3. You prompt your agent in natural language; it translates that intent into specific SQL or vector operations against your data.

## Frequently Asked Questions

**How do I perform advanced semantic searches using the ClickHouse MCP?**
You can run high-speed vector similarity searches by telling your agent what concept you are looking for. The MCP executes this search against your embeddings, returning records that match conceptually, not just keyword-for-keyword.
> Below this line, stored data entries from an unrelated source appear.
lemma kron_eigen_entry:
  assumes X: "X \<in> tup_carrier d n" and q: "0 < q"
    and eig: "\<And>a. a < q \<Longrightarrow> (\<Sum>b<q. B a b * v b) = t * v a" and v0: "v 0 = 1"
    and r: "r < n" and c: "c < n"
  shows "f n (\<lambda>i j k. t * X i j k) r c = (\<Sum>a<q. scale (v a) (f (q * n) (kron_tup d n q B X) r (a * n + c)))"
proof -
  let ?Z = "kron_tup d n q B X" and ?V = "kron_col n q v"
  have rq: "r < q * n" using block_less[of 0 q r n] q r by simp
  have "(\<Sum>a<q * n. scale (?V a c) (f (q * n) ?Z r a)) = (\<Sum>b<n. scale (?V r b) (f n (\<lambda>i j k. t * X i j k) b c))"
    by (rule intertwining[OF kron_tup_carrier scaled_tup_carrier[OF X] kron_tup_intertwines_eigenvector[OF eig] rq c])
  moreover have "(\<Sum>b<n. scale (?V r b) (f n (\<lambda>i j k. t * X i j k) b c)) = f n (\<lambda>i j k. t * X i j k) r c"
    using rq r v0 by (simp add: kron_col_def scale_if_zero)
  moreover have "(\<Sum>a<q * n. scale (?V a c) (f (q * n) ?Z r a)) = (\<Sum>a<q. scale (v a) (f (q * n) ?Z r (a * n + c)))"
    unfolding sum_lessThan_mult using c by (simp add: kron_col_block scale_if_zero)
  ultimately show ?thesis by simp
qed

end

section \<open>The truncated Fock space\<close>

lemma finite_words: "finite (words d L)"
proof -
  have "words d L = {xs. set xs \<subseteq> {..<d} \<and> length xs \<le> L}" by (auto simp: words_def)
  then show ?thesis using finite_lists_length_le[of "{..<d}" L] by simp
qed

lemma word_mat_Nil: "word_mat n X [] = idm n"
  and word_mat_Cons: "word_mat n X (i # w) = mmul n (X i) (word_mat n X w)"
  by (simp_all add: word_mat_def)

text \<open>With h enumerating the words of length \<le> L, basis vector b of K^N stands for the word h b;
  fock_tup i is left multiplication by the letter i, truncated at length L.\<close>
definition fock_tup :: "nat \<Rightarrow> nat \<Rightarrow> (nat \<Rightarrow> nat list) \<Rightarrow> nat \<Rightarrow> nat \<Rightarrow> nat \<Rightarrow> nat \<Rightarrow> 'k::comm_semiring_1" where
  "fock_tup d L h N i a b = (if i < d \<and> a < N \<and> b < N \<and> length (h b) < L \<and> h a = i # h b then 1 else 0)"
**Can the ClickHouse MCP help me write or fix SQL queries?**
Yes. You can use natural language to request complex reports or data modifications. The MCP translates your intent into precise SELECT, DML, or DDL statements that run directly against your cluster.

**What if I don't know the schema of a table?**
No problem. You can ask the MCP to describe any table you point it toward. It immediately pulls up the column names, data types, and properties so you know exactly what data is available for querying.

**Is this ClickHouse (Vector Search) MCP good for monitoring database health?**
It's great for that. You can run commands to check the table stats, getting real-time metrics like row counts and compression ratios, which helps you audit performance without logging into a command line.

**Does this MCP support different types of data beyond simple text?**
It handles advanced analytical types, including specialized Array(Float32) vectors. This means you can build complex pipelines that combine traditional structured data with high-dimensional semantic information.